= 1932 in American television =

This is a list of American television-related events in 1932.

==Events==
- March 9 - The Federal Radio Commission granted an operating license for the television station W9XAK to the Kansas State University in Manhattan, Kansas. It was the first television station in Kansas.
- April 22- A technical problem in the broadcast of the musical television series Harry Fries and His Musical Saw was reported in the radio section of several newspapers. The eponymous star Harry Fries was wearing a red necktie against a white shirt. The red tie photographed as white on the early TV equipment, resulting in a phone call from a viewer to ask why the performer wasn't dressed properly.

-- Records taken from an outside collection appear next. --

lemma Max_keys_mod_times:
  fixes g h :: "'b::{ordered_cancel_comm_monoid_add, linorder} \<Rightarrow>\<^sub>0 'a::comm_ring_1"
  assumes P: "prime_ideal P" and ne: "keys_mod P g \<noteq> {}" "keys_mod P h \<noteq> {}"
  shows "Max (keys_mod P g) + Max (keys_mod P h) \<in> keys_mod P (g * h)"
proof -
  let ?G = "keys_mod P g" and ?H = "keys_mod P h"
  have "0 \<in> P" using P by (simp add: prime_ideal_def is_ideal_def)
  then have fin: "finite ?G" "finite ?H" by (simp_all add: finite_keys_mod)
  show ?thesis
  proof (rule keys_mod_times_add[OF P])
    show "Max ?G \<in> ?G" "Max ?H \<in> ?H" using fin ne by simp_all
    fix a b assume "a \<in> ?G" "b \<in> ?H" "a + b = Max ?G + Max ?H"
    then show "a = Max ?G \<and> b = Max ?H"
      using eq_of_add_eq_of_le Max_ge[OF fin(1)] Max_ge[OF fin(2)] by metis
  qed
qed

lemma Max_keys_times:
  fixes g h :: "'b::{ordered_cancel_comm_monoid_add, linorder} \<Rightarrow>\<^sub>0 'a::idom"
  assumes "g \<noteq> 0" "h \<noteq> 0"
  shows "Max (Poly_Mapping.keys (g * h)) = Max (Poly_Mapping.keys g) + Max (Poly_Mapping.keys h)"
proof (rule antisym)
  have top: "Max (Poly_Mapping.keys g) + Max (Poly_Mapping.keys h) \<in> Poly_Mapping.keys (g * h)"
    using Max_keys_mod_times[OF prime_ideal_zero, of g h] assms by simp
  then show "Max (Poly_Mapping.keys g) + Max (Poly_Mapping.keys h) \<le> Max (Poly_Mapping.keys (g * h))"
    by simp
  have "Max (Poly_Mapping.keys (g * h)) \<in> Poly_Mapping.keys (g * h)"
    using top by (intro Max_in) auto
  then obtain a b where "a \<in> Poly_Mapping.keys g" "b \<in> Poly_Mapping.keys h"
    and "Max (Poly_Mapping.keys (g * h)) = a + b"
    using keys_mult[of g h] by blast
  then show "Max (Poly_Mapping.keys (g * h)) \<le> Max (Poly_Mapping.keys g) + Max (Poly_Mapping.keys h)"
    by (simp add: add_mono)
qed

lemma keys_mod_times_singleton:
  fixes g h :: "'b::{ordered_cancel_comm_monoid_add, linorder} \<Rightarrow>\<^sub>0 'a::comm_ring_1"
  assumes P: "prime_ideal P" and gh: "keys_mod P (g * h) = {m}"
  obtains s t where "keys_mod P g = {s}" "keys_mod P h = {t}" "s + t = m"
proof -
  have I: "is_ideal P" and "0 \<in> P" using P by (auto simp: prime_ideal_def is_ideal_def)
  let ?G = "keys_mod P g" and ?H = "keys_mod P h"
  have ne: "?G \<noteq> {}" "?H \<noteq> {}"
    using keys_mod_times_nonempty[OF I, of g h] keys_mod_times_nonempty[OF I, of h g] gh
    by (auto simp: mult.commute)
  have fin: "finite ?G" "finite ?H" using \<open>0 \<in> P\<close> by (simp_all add: finite_keys_mod)
  have "Min ?G + Min ?H = m" "Max ?G + Max ?H = m"
    using Min_keys_mod_times[OF P ne] Max_keys_mod_times[OF P ne] gh by auto
  moreover have "Min ?G \<le> Max ?G" "Min ?H \<le> Max ?H"
    using fin ne by (simp_all add: Min_le_iff)
  ultimately have "Min ?G = Max ?G" "Min ?H = Max ?H"
    using eq_of_add_eq_of_le by metis+
  moreover have "A = {Max A}" if A: "finite A" "A \<noteq> {}" "Min A = Max A" for A :: "'b set"
  proof (intro equalityI subsetI)
    fix x assume "x \<in> A"
    then show "x \<in> {Max A}" using A Min_le[OF A(1)] Max_ge[OF A(1)] by (metis antisym singletonI)
  qed (use A in \<open>auto intro: Max_in\<close>)
  ultimately have "?G = {Max ?G}" "?H = {Max ?H}" using fin ne by blast+
  with that \<open>Max ?G + Max ?H = m\<close> show ?thesis by blast
qed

- September 17- The day's edition of The New York Sun contained an announcement for the then-new television series Television Magic. The newspaper article stated that "Edwin Howard will bring vaudeville magic to television" and "card tricks and the difficult needle stunt will be given their initial trial over television".
- Specific date unknown -
  - In 1930, the United States Department of Justice had brought antitrust charges against RCA, General Electric (GE) and the Westinghouse Electric Corporation, arguing that their cross-licensing agreements had in effect created illegal monopolies. In 1932, after much negotiation, the Department of Justice accepted a consent agreement that removed the restrictions established by the cross-licensing agreements, and also provided that RCA would become a fully independent company. As a result, GE and Westinghouse gave up their ownership interests in RCA, while RCA was allowed to keep its factories. To give RCA a chance to establish itself, GE and Westinghouse were required to refrain from competing in the radio business for the next two and one-half years.
  - In 1932, the inventor Vladimir K. Zworykin first presented his iconoscope to RCA. Zworykin did not present the iconoscope to the general public until June 1933. The iconoscope was the primary camera tube used in American television broadcasting from 1936 until 1946, when it was replaced by the image orthicon tube.
  - In 1932, RCA was granted a trademark for the cathode-ray tube (CRT) under the term "Kinescope". It continued to hold rights over the device until it voluntarily released the term to the public domain in 1950.
  - Broadcast of the mechanical television series Hair Fashions in New York City. Featuring Ferdinand Graf, it was a 15-minute program about hair fashions which aired on W2XAB (now WCBS-TV).